C++ style casting

brekehan wrote:

I've always been a little sketchy on the differences between static,
dynamic, and reinterpret casting.

static_cast

static_cast is used to perform a cast between related types. Any of the
basic types (char, double, int, etc) can be converted using this cast.
It can also be used to up-cast or downcast classes in the same
inheritance tree (however, review dynamic_cast for reasons why you
might not want to do this). It correctly performs any necessary pointer
movement in order to point at the correct location within the object
for that static type. Consider that static almost always means
something performed at compile time that results in a hard coded
manipulation of the object into a new type.
dynamic_cast

dynamic_cast will perform a run-time cast of a polymorphic type. This
means that it is a safer but slower cast to objects sharing an
inheritance tree. This is usually used for a down cast that checks for
the validity of the cast before continuing. When a dynamic cast is
performed the system checks whether the object of cast is actually of
the type being cast to. Review the following:

class A {}; class B : public A {}; class C : public A {};

....

A * b = new B; A * c = new C;

....

C * bad = static_cast<C>(b); // also the result of a c style cast.

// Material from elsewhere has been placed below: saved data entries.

(* Fix an integer $\Lambda\ge3$ and let $(G,s,t)$ be a 2-terminal graph in the class $\mathcal W$ such that $G$ has maxmaxflow at most $\Lambda$. Let $\rho^\star_\Lambda$ be the unique solution in $(0,1)$ of $(1+\rho)^\Lambda=2(1+\rho^2)^{\Lambda-1}$. For $q\in\mathbb C$ with $q\neq1$ put $\rho=1/|q-1|$ and $X=\big(2/(1+\rho)\big)^{1/(\Lambda-1)}$. Then $P_G(q)\neq0$ whenever $$|q-1|\ge1/\rho^\star_\Lambda\quad\text{and}\quad|q-2|\ge\frac{2(1-\rho X^2)}{X^2-1}.$$
   Context: Chromatic polynomial of $G=(V,E)$: $P_G(q)=\sum_{A\subseteq E}(-1)^{|A|}q^{k(A)}$, $k(A)$ = number of connected components of $(V,A)$. $\lambda_G(x,y)$ = maximum number of edge-disjoint $x$–$y$ paths; maxmaxflow $\Lambda(G)=\max_{x\ne y}\lambda_G(x,y)$. A 2-terminal graph $(G,s,t)$ has distinct terminals $s,t$. Parallel composition of $(G_1,s_1,t_1),(G_2,s_2,t_2)$ (disjoint vertex sets): identify $s_2$ with $s_1$ and $t_2$ with $t_1$, terminals $s_1,t_1$. Series composition: identify $t_1$ with $s_2$, terminals $s_1,t_2$. The Wheatstone bridge is $(W,s,t)$ with $W=K_4$ minus an edge and $s,t$ its two vertices of degree 2. $\mathcal W$ is the smallest class of 2-terminal graphs containing $K_2$ (terminals its two vertices) and the Wheatstone bridge and closed under series and parallel composition. *)

theory Defs
  imports Complex_Main
begin

text \<open>Multigraphs: a vertex set V :: 'a set and an edge set E of labelled edges
  (label, {u,v}); the label allows parallel edges. Edges are undirected.\<close>

type_synonym ('a,'b) edge = "'b \<times> 'a set"

definition adj_rel :: "('a,'b) edge set \<Rightarrow> ('a \<times> 'a) set" where
  "adj_rel A = {(u,v). \<exists>l. (l, {u,v}) \<in> A}"

definition conn_rel :: "'a set \<Rightarrow> ('a,'b) edge set \<Rightarrow> ('a \<times> 'a) set" where
  "conn_rel V A = (adj_rel A)\<^sup>* \<inter> (V \<times> V)"

definition num_comps :: "'a set \<Rightarrow> ('a,'b) edge set \<Rightarrow> nat" where
  "num_comps V A = card (V // conn_rel V A)"

definition chrom_poly :: "'a set \<Rightarrow> ('a,'b) edge set \<Rightarrow> complex \<Rightarrow> complex" where
  "chrom_poly V E q = (\<Sum>A\<in>Pow E. (-1) ^ card A * q ^ num_comps V A)"

definition is_path :: "'a set \<Rightarrow> ('a,'b) edge set \<Rightarrow> 'a \<Rightarrow> 'a \<Rightarrow> 'a list \<Rightarrow> ('a,'b) edge list \<Rightarrow> bool" where
  "is_path V E x y vs es \<longleftrightarrow>
     vs \<noteq> [] \<and> hd vs = x \<and> last vs = y \<and> distinct vs \<and> set vs \<subseteq> V \<and>
     length vs = Suc (length es) \<and>
     (\<forall>i < length es. es ! i \<in> E \<and> snd (es ! i) = {vs ! i, vs ! Suc i})"

definition local_edge_conn :: "'a set \<Rightarrow> ('a,'b) edge set \<Rightarrow> 'a \<Rightarrow> 'a \<Rightarrow> nat" where
  "local_edge_conn V E x y = Max {n. \<exists>P :: ('a list \<times> ('a,'b) edge list) list.
      length P = n \<and> (\<forall>i < n. is_path V E x y (fst (P ! i)) (snd (P ! i))) \<and>
      (\<forall>i < n. \<forall>j < n. i \<noteq> j \<longrightarrow> set (snd (P ! i)) \<inter> set (snd (P ! j)) = {})}"

definition maxmaxflow :: "'a set \<Rightarrow> ('a,'b) edge set \<Rightarrow> nat" where
  "maxmaxflow V E = Max {local_edge_conn V E x y | x y. x \<in> V \<and> y \<in> V \<and> x \<noteq> y}"

inductive inW :: "'a set \<Rightarrow> ('a,'b) edge set \<Rightarrow> 'a \<Rightarrow> 'a \<Rightarrow> bool" where
  K2: "s \<noteq> t \<Longrightarrow> inW {s, t} {(l, {s, t})} s t"
| Wheatstone: "distinct [s, a, b, t] \<Longrightarrow>
     inW {s, a, b, t} {(l1, {s, a}), (l2, {s, b}), (l3, {a, b}), (l4, {a, t}), (l5, {b, t})} s t"
| parallel: "inW V1 E1 s t \<Longrightarrow> inW V2 E2 s t \<Longrightarrow> V1 \<inter> V2 = {s, t} \<Longrightarrow> E1 \<inter> E2 = {} \<Longrightarrow>
     inW (V1 \<union> V2) (E1 \<union> E2) s t"
| series: "inW V1 E1 s m \<Longrightarrow> inW V2 E2 m t \<Longrightarrow> V1 \<inter> V2 = {m} \<Longrightarrow> E1 \<inter> E2 = {} \<Longrightarrow>
     inW (V1 \<union> V2) (E1 \<union> E2) s t"

definition rho_star :: "nat \<Rightarrow> real" where
  "rho_star L = (THE r. 0 < r \<and> r < 1 \<and> (1 + r) ^ L = 2 * (1 + r\<^sup>2) ^ (L - 1))"

end

theory Submission
  imports Defs "HOL-Library.FuncSet"
begin


definition wf_edges :: "'a set \<Rightarrow> ('a,'b) edge set \<Rightarrow> bool" where
  "wf_edges V A \<longleftrightarrow> (\<forall>e\<in>A. snd e \<subseteq> V)"

lemma wf_edges_subset: "wf_edges V A \<Longrightarrow> B \<subseteq> A \<Longrightarrow> wf_edges V B"
  unfolding wf_edges_def by blast

lemma wf_edges_Un: "wf_edges V1 A1 \<Longrightarrow> wf_edges V2 A2 \<Longrightarrow> wf_edges (V1 \<union> V2) (A1 \<union> A2)"
  unfolding wf_edges_def by blast

lemma adj_rel_Un: "adj_rel (A \<union> B) = adj_rel A \<union> adj_rel B"
  unfolding adj_rel_def by blast

lemma adj_rel_mono: "A \<subseteq> B \<Longrightarrow> adj_rel A \<subseteq> adj_rel B"
  unfolding adj_rel_def by blast

lemma adj_rel_empty [simp]: "adj_rel {} = {}"
  unfolding adj_rel_def by simp

lemma adj_rel_insert: "adj_rel (insert (l,{u,v}) A) = insert (u,v) (insert (v,u) (adj_rel A))"
  unfolding adj_rel_def by (auto simp: doubleton_eq_iff)

lemma sym_adj_rel: "sym (adj_rel A)"
  unfolding adj_rel_def sym_def by (auto simp: insert_commute)

lemma adj_rel_subset: "wf_edges V A \<Longrightarrow> adj_rel A \<subseteq> V \<times> V"
  unfolding wf_edges_def adj_rel_def by fastforce

lemma equiv_conn_rel: "equiv V (conn_rel V A)"
proof (rule equivI)
  show "refl_on V (conn_rel V A)" unfolding refl_on_def conn_rel_def by simp
  show "sym (conn_rel V A)"
    unfolding conn_rel_def by (intro sym_Int sym_rtrancl sym_adj_rel) (auto simp: sym_def)
  show "trans (conn_rel V A)"
    unfolding conn_rel_def by (intro trans_Int trans_rtrancl) (auto simp: trans_def)
qed (simp add: conn_rel_def)

lemma conn_rel_mono:
  "(x,y) \<in> conn_rel V1 A1 \<Longrightarrow> V1 \<subseteq> V \<Longrightarrow> A1 \<subseteq> A \<Longrightarrow> (x,y) \<in> conn_rel V A"
  unfolding conn_rel_def using rtrancl_mono[OF adj_rel_mono] by blast

text \<open>Boolean labellings that are constant along edges are exactly the unions of components;
  there are 2^k(A) of them, and they detect connectivity.\<close>

definition labellings :: "'a set \<Rightarrow> ('a,'b) edge set \<Rightarrow> ('a \<Rightarrow> bool) set" where
  "labellings V A = {f \<in> V \<rightarrow>\<^sub>E UNIV. \<forall>(x,y)\<in>adj_rel A. f x = f y}"

lemma restrict_in_labellings:
  assumes "wf_edges V A" and "\<And>x y. (x,y) \<in> adj_rel A \<Longrightarrow> g x = g y"
  shows "restrict g V \<in> labellings V A"
  using assms adj_rel_subset[OF assms(1)] unfolding labellings_def by auto

lemma labelling_rtrancl_eq:
  assumes "f \<in> labellings V A" and "(x,y) \<in> (adj_rel A)\<^sup>*"
  shows "f x = f y"
  using assms(2) by induction (use assms(1) in \<open>auto simp: labellings_def\<close>)

lemma labelling_restrict: "f \<in> labellings V A \<Longrightarrow> restrict f V = f"
  unfolding labellings_def by (auto intro: PiE_restrict)

lemma conn_rel_iff_labellings:
  assumes "wf_edges V A"
  shows "(x,y) \<in> conn_rel V A \<longleftrightarrow> x \<in> V \<and> y \<in> V \<and> (\<forall>f\<in>labellings V A. f x = f y)"
proof
  assume "(x,y) \<in> conn_rel V A"
  then show "x \<in> V \<and> y \<in> V \<and> (\<forall>f\<in>labellings V A. f x = f y)"
    unfolding conn_rel_def using labelling_rtrancl_eq by fastforce
next
  assume h: "x \<in> V \<and> y \<in> V \<and> (\<forall>f\<in>labellings V A. f x = f y)"
  have "restrict (\<lambda>z. (x,z) \<in> (adj_rel A)\<^sup>*) V \<in> labellings V A"
  proof (rule restrict_in_labellings[OF assms])
    fix u v assume "(u,v) \<in> adj_rel A"
    moreover have "(v,u) \<in> adj_rel A" using calculation by (rule symD[OF sym_adj_rel])
    ultimately show "((x,u) \<in> (adj_rel A)\<^sup>*) = ((x,v) \<in> (adj_rel A)\<^sup>*)"
      using rtrancl.rtrancl_into_rtrancl by metis
  qed
  with h show "(x,y) \<in> conn_rel V A" unfolding conn_rel_def by fastforce
qed

lemma labellings_eq_class_constant:
  assumes "wf_edges V A"
  shows "labellings V A = {f \<in> V \<rightarrow>\<^sub>E UNIV. \<forall>(x,y)\<in>conn_rel V A. f x = f y}"
proof (intro equalityI subsetI CollectI conjI)
  fix f assume f: "f \<in> labellings V A"
  then show "f \<in> V \<rightarrow>\<^sub>E UNIV" unfolding labellings_def by blast
  show "\<forall>(x,y)\<in>conn_rel V A. f x = f y" using f conn_rel_iff_labellings[OF assms] by blast
next
  fix f :: "'a \<Rightarrow> bool" assume "f \<in> {f \<in> V \<rightarrow>\<^sub>E UNIV. \<forall>(x,y)\<in>conn_rel V A. f x = f y}"
  moreover have "adj_rel A \<subseteq> conn_rel V A"
    using adj_rel_subset[OF assms] unfolding conn_rel_def by auto
  ultimately show "f \<in> labellings V A" unfolding labellings_def by blast
qed

lemma labelling_conn_rel_eq:
  assumes "wf_edges V A" "(x,y) \<in> conn_rel V A" "f \<in> labellings V A"
  shows "f x = f y"
  using conn_rel_iff_labellings[OF assms(1), of x y] assms(2,3) by blast
(* Let $n\ge3$, $-2<l<0$, $1<p\le p_*=\frac{n+2+2l}{n-2}$, and let $f$ satisfy $(f_1)$, $(f_2)$, $(f_2')$. Assume there exist positive numbers $r_0,C_1$ such that $f(r)\ge C_1 r^{l}$ for $r>r_0$. Then there exists a constant $C>0$, independent of $\alpha$, such that whenever $u(r;\alpha)$ (for any $0<\alpha<\infty$) is a positive entire solution (i.e. $u(r;\alpha)>0$ for all $r\ge0$), it satisfies $u(r;\alpha)\le C r^{\frac{2-n}{2}}$ for all $r\ge r_0$.
   Context: Standing hypotheses: $(f_1)$ $f\in C(0,\infty)$, $f(r)>0$ for $r>0$; $(f_2)$ $f(r)=O(r^l)$ as $r\to\infty$; $(f_2')$ $f(r)=O(r^\sigma)$ as $r\to0$, $\sigma>-2$. For $\alpha>0$, $u(r;\alpha)$ is the unique solution of (1.4) $u''+\frac{n-1}{r}u'+f(r)(u^+)^p=0$, $u(0;\alpha)=\alpha$, $u'(0;\alpha)=0$, $u^+=\max\{u,0\}$; it corresponds to the radial solution $u(|x|)$ of $-\Delta u=f(|x|)u^p$ on $\mathbb R^n$. *)

theory Defs
  imports "HOL-Analysis.Analysis" "HOL-Library.Landau_Symbols"
begin

definition radial_sol :: "nat \<Rightarrow> (real \<Rightarrow> real) \<Rightarrow> real \<Rightarrow> real \<Rightarrow> (real \<Rightarrow> real) \<Rightarrow> bool" where
  "radial_sol n f p \<alpha> u \<longleftrightarrow>
     continuous_on {0..} u \<and> u 0 = \<alpha> \<and>
     (u has_real_derivative 0) (at 0 within {0..}) \<and>
     (\<exists>u'. \<forall>r>0. (u has_real_derivative u' r) (at r) \<and>
        (u' has_real_derivative (- ((real n - 1) / r) * u' r - f r * (max (u r) 0) powr p)) (at r))"

end

theory Submission
  imports Defs
begin

text \<open>
  The flux g(r) = r^(n-1) u'(r) satisfies g' = -r^(n-1) f u^p \<le> 0, so together with u'(0) = 0
  it is nonpositive and nonincreasing. This yields two estimates of -g(r). Since
  u'(s) \<le> g(r) s^(1-n) for s \<ge> r and u stays positive, integrating up to infinity gives
  -g(r) r^(2-n) \<le> (n-2) u(r). For r \<ge> r0, integrating g' over [r/2, r], where u \<ge> u(r) and
  f(s) \<ge> c s^l (from the tail bound and the continuity and positivity of f), gives -g(r) \<ge> c (r/2)^(n+l) u(r)^p. Hence u(r)^(p-1) is at most a constant times r^-(2+l),
  and p \<le> p_* says exactly that (2+l)/(p-1) \<ge> (n-2)/2.
\<close>

lemma radial_flux_has_derivative:
  fixes u' :: "real \<Rightarrow> real" and n s F :: real
  assumes s: "s > 0"
    and du': "(u' has_real_derivative (- ((n - 1) / s) * u' s - F)) (at s)"
  shows "((\<lambda>s. s powr (n - 1) * u' s) has_real_derivative - (s powr (n - 1) * F)) (at s)"
proof -
  have "((\<lambda>s. s powr (n - 1) * u' s) has_real_derivative
      (n - 1) * s powr (n - 1 - 1) * u' s + (- ((n - 1) / s) * u' s - F) * s powr (n - 1)) (at s)"
    using has_real_derivative_powr[OF s, of "n - 1"] du' by (rule DERIV_mult)
  then show ?thesis
  proof (rule DERIV_cong)
    have "s powr (n - 1 - 1) = s powr (n - 1) / s"
      using s powr_diff[of s "n - 1" 1] by simp
    then show "(n - 1) * s powr (n - 1 - 1) * u' s + (- ((n - 1) / s) * u' s - F) * s powr (n - 1)
        = - (s powr (n - 1) * F)"
      by (simp add: algebra_simps)
  qed
qed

In this case the compiler happily performs the necessary conversion
between the related types B* and C* but the cast is obviously not
valid. Later something could blow up because B and C don't have the
same alignment properties. See the following:

C * bad = dynamic_cast<C>(b); If (bad)...ok.

In this case a dynamic, or run-time cast was used. The result of this
cast is a null pointer because b is not a C* and the cast is not valid.
This can now be checked and validated so that the program doesn't
just crash because someone didn't account for some situation when a
B* could be passed into a function that did this cast.

When this cast is performed on a reference it results in a bad_cast
exception instead of a null pointer.

const_cast

This is rarely necessary. If you need a const cast you should review
why and take the problem to the program manager for review. Do not cast
away constness without this review process.

Const cast is used to cast away constness or volatility. We do not use
volatility currently in pipe-flo so I will focus on constness. Const
cast should NEVER be used unless you are casting TO const. The
following is an example:

const char * x = "hello"; char * y = const_cast<char*>(x);

The goal of the above code is probably to change the text pointed to by
x. This results in undefined behavior and must not be done.

Sometimes one might be tempted to cast away constness in order to call
a non-const function that you are sure won't change anything. The
correct way to fix this problem is to make the function const. There
are a few cases when it is appropriate to change values internal to a
class in a const function (this also must be reviewed by the program
manager) and you can do this by making that variable "mutable".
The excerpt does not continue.